Please restate the following records word for word.

= = =

(* In the approximating model (see context) with clock distribution satisfying the general-arrival assumptions (A1)–(A5) and $\mathbb E[S^2]<\infty$, for every $t>0$ there exist nonnegative random variables $Y_n$ such that $A_n(k)$ is stochastically dominated by $Y_n$ for all $1\le k\le tn^{2/3}$, and the family $(Y_n^2)_{n\ge1}$ is uniformly integrable.
   Context: Approximating model: fix $n$ and $\beta\in\mathbb R$. Let $T_1,\dots,T_n$ be i.i.d. nonnegative arrival clocks with distribution function $F_T$, and let $S_1,S_2,\dots$ be i.i.d. nonnegative service requirements (generic copy $S$), independent of the clocks. Put $D_j:=\frac{S_j}{n}(1+\beta n^{-1/3})$, $\Sigma_0:=0$, $\Sigma_k:=\sum_{j=1}^k D_j$. All $n$ customers start in the population. Set $Q_n(0)=0$ and for $k\ge1$, $Q_n(k)=(Q_n(k-1)+A_n(k)-1)^+$ with $A_n(k)=\sum_{i\notin\nu_k}\mathbf 1\{\Sigma_{k-1}\le T_i\le\Sigma_k\}$, where $\nu_k$ is the set of customers no longer in the population at the beginning of the $k$-th service: a customer leaves the population when its clock rings during a service, and whenever the queue is empty after a service completion, the customer of the population with the smallest clock is removed from the population and immediately put into service. General-arrival assumptions: (A1) $T$ has a positive continuous density $f_T$ on $[0,\infty)$ with $f_T(0)\in(0,\infty)$; (A2) for every $\bar x\in(0,\infty)$, $F_T(x)-F_T(\bar x)=f_T(\bar x)(x-\bar x)+o(|x-\bar x|^{4/3})$ as $x\to\bar x$; (A3) for every $C>0$, $\sup_{\bar x\le Cy^{1/3}}|F_T(\bar x+y)-F_T(\bar x)-f_T(\bar x)y|=o(y)$ as $y\downarrow0$; (A4) $f_T'$ exists and is continuous in a neighbourhood of $0$; (A5) $f_T(0)=\sup_{x\ge0}f_T(x)$. A real random variable $Y$ is stochastically dominated by $X$ if $\mathbb P(X\le x)\le\mathbb P(Y\le x)$ for all $x$. *)

theory Defs
  imports "HOL-Probability.Probability" "HOL-Library.Landau_Symbols"
begin

text \<open>Approximating model with n customers, parameter beta, clocks t and service
  requirements s (both indexed from 1).\<close>

definition svc_D :: "nat \<Rightarrow> real \<Rightarrow> (nat \<Rightarrow> real) \<Rightarrow> nat \<Rightarrow> real" where
  "svc_D n \<beta> s j = s j / real n * (1 + \<beta> * real n powr (-1/3))"

definition Sig :: "nat \<Rightarrow> real \<Rightarrow> (nat \<Rightarrow> real) \<Rightarrow> nat \<Rightarrow> real" where
  "Sig n \<beta> s k = (\<Sum>j=1..k. svc_D n \<beta> s j)"

text \<open>Customers of the population (not in nu) whose clock rings during the k-th service.\<close>
definition arrivals ::
  "nat \<Rightarrow> real \<Rightarrow> (nat \<Rightarrow> real) \<Rightarrow> (nat \<Rightarrow> real) \<Rightarrow> nat set \<Rightarrow> nat \<Rightarrow> nat set" where
  "arrivals n \<beta> t s \<nu> k =
     {i \<in> {1..n}. i \<notin> \<nu> \<and> Sig n \<beta> s (k - 1) \<le> t i \<and> t i \<le> Sig n \<beta> s k}"

definition pick_min :: "(nat \<Rightarrow> real) \<Rightarrow> nat set \<Rightarrow> nat set" where
  "pick_min t P = (if P = {} then {} else {LEAST i. i \<in> P \<and> (\<forall>j\<in>P. t i \<le> t j)})"

text \<open>qstate n beta t s m = (nu_(m+1), Q_n(m)).\<close>
primrec qstate ::
  "nat \<Rightarrow> real \<Rightarrow> (nat \<Rightarrow> real) \<Rightarrow> (nat \<Rightarrow> real) \<Rightarrow> nat \<Rightarrow> nat set \<times> nat" where
  "qstate n \<beta> t s 0 = (pick_min t {1..n}, 0)"
| "qstate n \<beta> t s (Suc m) =
     (let \<nu> = fst (qstate n \<beta> t s m);
          q = snd (qstate n \<beta> t s m);
          Arr = arrivals n \<beta> t s \<nu> (Suc m);
          a = card Arr
      in (\<nu> \<union> Arr \<union> (if q + a = 0 then pick_min t ({1..n} - (\<nu> \<union> Arr)) else {}),
          q + a - 1))"

text \<open>A_n(k), for k >= 1.\<close>
definition arr_count ::
  "nat \<Rightarrow> real \<Rightarrow> (nat \<Rightarrow> real) \<Rightarrow> (nat \<Rightarrow> real) \<Rightarrow> nat \<Rightarrow> nat" where
  "arr_count n \<beta> t s k = card (arrivals n \<beta> t s (fst (qstate n \<beta> t s (k - 1))) k)"

definition dominated_by_law :: "'a measure \<Rightarrow> ('a \<Rightarrow> real) \<Rightarrow> real measure \<Rightarrow> bool" where
  "dominated_by_law M X \<mu> \<longleftrightarrow>
     (\<forall>x. measure \<mu> {..x} \<le> measure M {\<omega> \<in> space M. X \<omega> \<le> x})"

definition unif_integrable_laws :: "nat set \<Rightarrow> (nat \<Rightarrow> real measure) \<Rightarrow> bool" where
  "unif_integrable_laws I \<mu> \<longleftrightarrow>
     (\<forall>\<epsilon>>0. \<exists>K. \<forall>n\<in>I.
        (\<integral>\<^sup>+ x. ennreal (\<bar>x\<bar> * indicator {x. \<bar>x\<bar> > K} x) \<partial>\<mu> n) \<le> ennreal \<epsilon>)"

end

theory Submission
  imports Defs
begin

text \<open>The arrivals during the k-th service are the clocks that ring in a window of length D_k
  determined by the services alone. As f_T <= f_T(0) (A5), conditionally on the services the n
  clocks fall into that window independently, each with probability at most f_T(0) D_k, so
  P(A_n(k) >= m | S) <= binom(n, m) (f_T(0) D_k)^m <= (n f_T(0) D_k)^m / m!, which is at most 2^-m
  once 6 n f_T(0) D_k <= m. Since n D_k <= (1 + |beta|) S_k, integrating out the services gives
  P(A_n(k) >= m) <= 2^-m + (1 - 2^-m) P(X >= m) with X = 6 f_T(0) (1 + |beta|) S_1, uniformly in n
  and k. This is the tail of max X G for a geometric G with P(G >= m) = 2^-m independent of X, so a
  single law dominates every A_n(k); it has a finite second moment because E S^2 < oo, and a
  constant family with integrable squares is uniformly integrable. The argument works for every
  k >= 1.\<close>

section \<open>Elementary estimates\<close>

lemma power_div_fact_le_exp:
  assumes "0 \<le> y"
  shows "y ^ m / fact m \<le> exp (y::real)"
proof -
  have "(\<Sum>n\<in>{m}. y ^ n /\<^sub>R fact n) \<le> (\<Sum>n. y ^ n /\<^sub>R fact n)"
    by (rule sum_le_suminf[OF summable_exp_generic]) (use assms in auto)
  then show ?thesis by (simp add: exp_def divide_inverse_commute)
qed

lemma power_div_fact_le_half_power:
  assumes "0 \<le> y" and "6 * y \<le> real m"
  shows "y ^ m / fact m \<le> (1/2::real) ^ m"
proof -
  have "(6 * y) ^ m / fact m \<le> exp (6 * y)" using assms by (intro power_div_fact_le_exp) auto
  also have "\<dots> \<le> exp 1 ^ m" using assms by (simp add: exp_of_nat_mult[symmetric])
  also have "\<dots> \<le> 3 ^ m" using exp_le by (intro power_mono) auto
  finally have "6 ^ m * (y ^ m / fact m) \<le> 3 ^ m" by (simp add: power_mult_distrib)
  then have "y ^ m / fact m \<le> 3 ^ m / 6 ^ m" by (simp add: field_simps)
  also have "(3::real) ^ m / 6 ^ m = (1/2) ^ m" by (simp add: power_divide[symmetric])
  finally show ?thesis .
qed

= = =

### EXPECTED ANSWER
(* In the approximating model (see context) with clock distribution satisfying the general-arrival assumptions (A1)–(A5) and $\mathbb E[S^2]<\infty$, for every $t>0$ there exist nonnegative random variables $Y_n$ such that $A_n(k)$ is stochastically dominated by $Y_n$ for all $1\le k\le tn^{2/3}$, and the family $(Y_n^2)_{n\ge1}$ is uniformly integrable.
   Context: Approximating model: fix $n$ and $\beta\in\mathbb R$. Let $T_1,\dots,T_n$ be i.i.d. nonnegative arrival clocks with distribution function $F_T$, and let $S_1,S_2,\dots$ be i.i.d. nonnegative service requirements (generic copy $S$), independent of the clocks. Put $D_j:=\frac{S_j}{n}(1+\beta n^{-1/3})$, $\Sigma_0:=0$, $\Sigma_k:=\sum_{j=1}^k D_j$. All $n$ customers start in the population. Set $Q_n(0)=0$ and for $k\ge1$, $Q_n(k)=(Q_n(k-1)+A_n(k)-1)^+$ with $A_n(k)=\sum_{i\notin\nu_k}\mathbf 1\{\Sigma_{k-1}\le T_i\le\Sigma_k\}$, where $\nu_k$ is the set of customers no longer in the population at the beginning of the $k$-th service: a customer leaves the population when its clock rings during a service, and whenever the queue is empty after a service completion, the customer of the population with the smallest clock is removed from the population and immediately put into service. General-arrival assumptions: (A1) $T$ has a positive continuous density $f_T$ on $[0,\infty)$ with $f_T(0)\in(0,\infty)$; (A2) for every $\bar x\in(0,\infty)$, $F_T(x)-F_T(\bar x)=f_T(\bar x)(x-\bar x)+o(|x-\bar x|^{4/3})$ as $x\to\bar x$; (A3) for every $C>0$, $\sup_{\bar x\le Cy^{1/3}}|F_T(\bar x+y)-F_T(\bar x)-f_T(\bar x)y|=o(y)$ as $y\downarrow0$; (A4) $f_T'$ exists and is continuous in a neighbourhood of $0$; (A5) $f_T(0)=\sup_{x\ge0}f_T(x)$. A real random variable $Y$ is stochastically dominated by $X$ if $\mathbb P(X\le x)\le\mathbb P(Y\le x)$ for all $x$. *)

theory Defs
  imports "HOL-Probability.Probability" "HOL-Library.Landau_Symbols"
begin

text \<open>Approximating model with n customers, parameter beta, clocks t and service
  requirements s (both indexed from 1).\<close>

definition svc_D :: "nat \<Rightarrow> real \<Rightarrow> (nat \<Rightarrow> real) \<Rightarrow> nat \<Rightarrow> real" where
  "svc_D n \<beta> s j = s j / real n * (1 + \<beta> * real n powr (-1/3))"

definition Sig :: "nat \<Rightarrow> real \<Rightarrow> (nat \<Rightarrow> real) \<Rightarrow> nat \<Rightarrow> real" where
  "Sig n \<beta> s k = (\<Sum>j=1..k. svc_D n \<beta> s j)"

text \<open>Customers of the population (not in nu) whose clock rings during the k-th service.\<close>
definition arrivals ::
  "nat \<Rightarrow> real \<Rightarrow> (nat \<Rightarrow> real) \<Rightarrow> (nat \<Rightarrow> real) \<Rightarrow> nat set \<Rightarrow> nat \<Rightarrow> nat set" where
  "arrivals n \<beta> t s \<nu> k =
     {i \<in> {1..n}. i \<notin> \<nu> \<and> Sig n \<beta> s (k - 1) \<le> t i \<and> t i \<le> Sig n \<beta> s k}"

definition pick_min :: "(nat \<Rightarrow> real) \<Rightarrow> nat set \<Rightarrow> nat set" where
  "pick_min t P = (if P = {} then {} else {LEAST i. i \<in> P \<and> (\<forall>j\<in>P. t i \<le> t j)})"

text \<open>qstate n beta t s m = (nu_(m+1), Q_n(m)).\<close>
primrec qstate ::
  "nat \<Rightarrow> real \<Rightarrow> (nat \<Rightarrow> real) \<Rightarrow> (nat \<Rightarrow> real) \<Rightarrow> nat \<Rightarrow> nat set \<times> nat" where
  "qstate n \<beta> t s 0 = (pick_min t {1..n}, 0)"
| "qstate n \<beta> t s (Suc m) =
     (let \<nu> = fst (qstate n \<beta> t s m);
          q = snd (qstate n \<beta> t s m);
          Arr = arrivals n \<beta> t s \<nu> (Suc m);
          a = card Arr
      in (\<nu> \<union> Arr \<union> (if q + a = 0 then pick_min t ({1..n} - (\<nu> \<union> Arr)) else {}),
          q + a - 1))"

text \<open>A_n(k), for k >= 1.\<close>
definition arr_count ::
  "nat \<Rightarrow> real \<Rightarrow> (nat \<Rightarrow> real) \<Rightarrow> (nat \<Rightarrow> real) \<Rightarrow> nat \<Rightarrow> nat" where
  "arr_count n \<beta> t s k = card (arrivals n \<beta> t s (fst (qstate n \<beta> t s (k - 1))) k)"

definition dominated_by_law :: "'a measure \<Rightarrow> ('a \<Rightarrow> real) \<Rightarrow> real measure \<Rightarrow> bool" where
  "dominated_by_law M X \<mu> \<longleftrightarrow>
     (\<forall>x. measure \<mu> {..x} \<le> measure M {\<omega> \<in> space M. X \<omega> \<le> x})"

definition unif_integrable_laws :: "nat set \<Rightarrow> (nat \<Rightarrow> real measure) \<Rightarrow> bool" where
  "unif_integrable_laws I \<mu> \<longleftrightarrow>
     (\<forall>\<epsilon>>0. \<exists>K. \<forall>n\<in>I.
        (\<integral>\<^sup>+ x. ennreal (\<bar>x\<bar> * indicator {x. \<bar>x\<bar> > K} x) \<partial>\<mu> n) \<le> ennreal \<epsilon>)"

end

theory Submission
  imports Defs
begin

text \<open>The arrivals during the k-th service are the clocks that ring in a window of length D_k
  determined by the services alone. As f_T <= f_T(0) (A5), conditionally on the services the n
  clocks fall into that window independently, each with probability at most f_T(0) D_k, so
  P(A_n(k) >= m | S) <= binom(n, m) (f_T(0) D_k)^m <= (n f_T(0) D_k)^m / m!, which is at most 2^-m
  once 6 n f_T(0) D_k <= m. Since n D_k <= (1 + |beta|) S_k, integrating out the services gives
  P(A_n(k) >= m) <= 2^-m + (1 - 2^-m) P(X >= m) with X = 6 f_T(0) (1 + |beta|) S_1, uniformly in n
  and k. This is the tail of max X G for a geometric G with P(G >= m) = 2^-m independent of X, so a
  single law dominates every A_n(k); it has a finite second moment because E S^2 < oo, and a
  constant family with integrable squares is uniformly integrable. The argument works for every
  k >= 1.\<close>

section \<open>Elementary estimates\<close>

lemma power_div_fact_le_exp:
  assumes "0 \<le> y"
  shows "y ^ m / fact m \<le> exp (y::real)"
proof -
  have "(\<Sum>n\<in>{m}. y ^ n /\<^sub>R fact n) \<le> (\<Sum>n. y ^ n /\<^sub>R fact n)"
    by (rule sum_le_suminf[OF summable_exp_generic]) (use assms in auto)
  then show ?thesis by (simp add: exp_def divide_inverse_commute)
qed

lemma power_div_fact_le_half_power:
  assumes "0 \<le> y" and "6 * y \<le> real m"
  shows "y ^ m / fact m \<le> (1/2::real) ^ m"
proof -
  have "(6 * y) ^ m / fact m \<le> exp (6 * y)" using assms by (intro power_div_fact_le_exp) auto
  also have "\<dots> \<le> exp 1 ^ m" using assms by (simp add: exp_of_nat_mult[symmetric])
  also have "\<dots> \<le> 3 ^ m" using exp_le by (intro power_mono) auto
  finally have "6 ^ m * (y ^ m / fact m) \<le> 3 ^ m" by (simp add: power_mult_distrib)
  then have "y ^ m / fact m \<le> 3 ^ m / 6 ^ m" by (simp add: field_simps)
  also have "(3::real) ^ m / 6 ^ m = (1/2) ^ m" by (simp add: power_divide[symmetric])
  finally show ?thesis .
qed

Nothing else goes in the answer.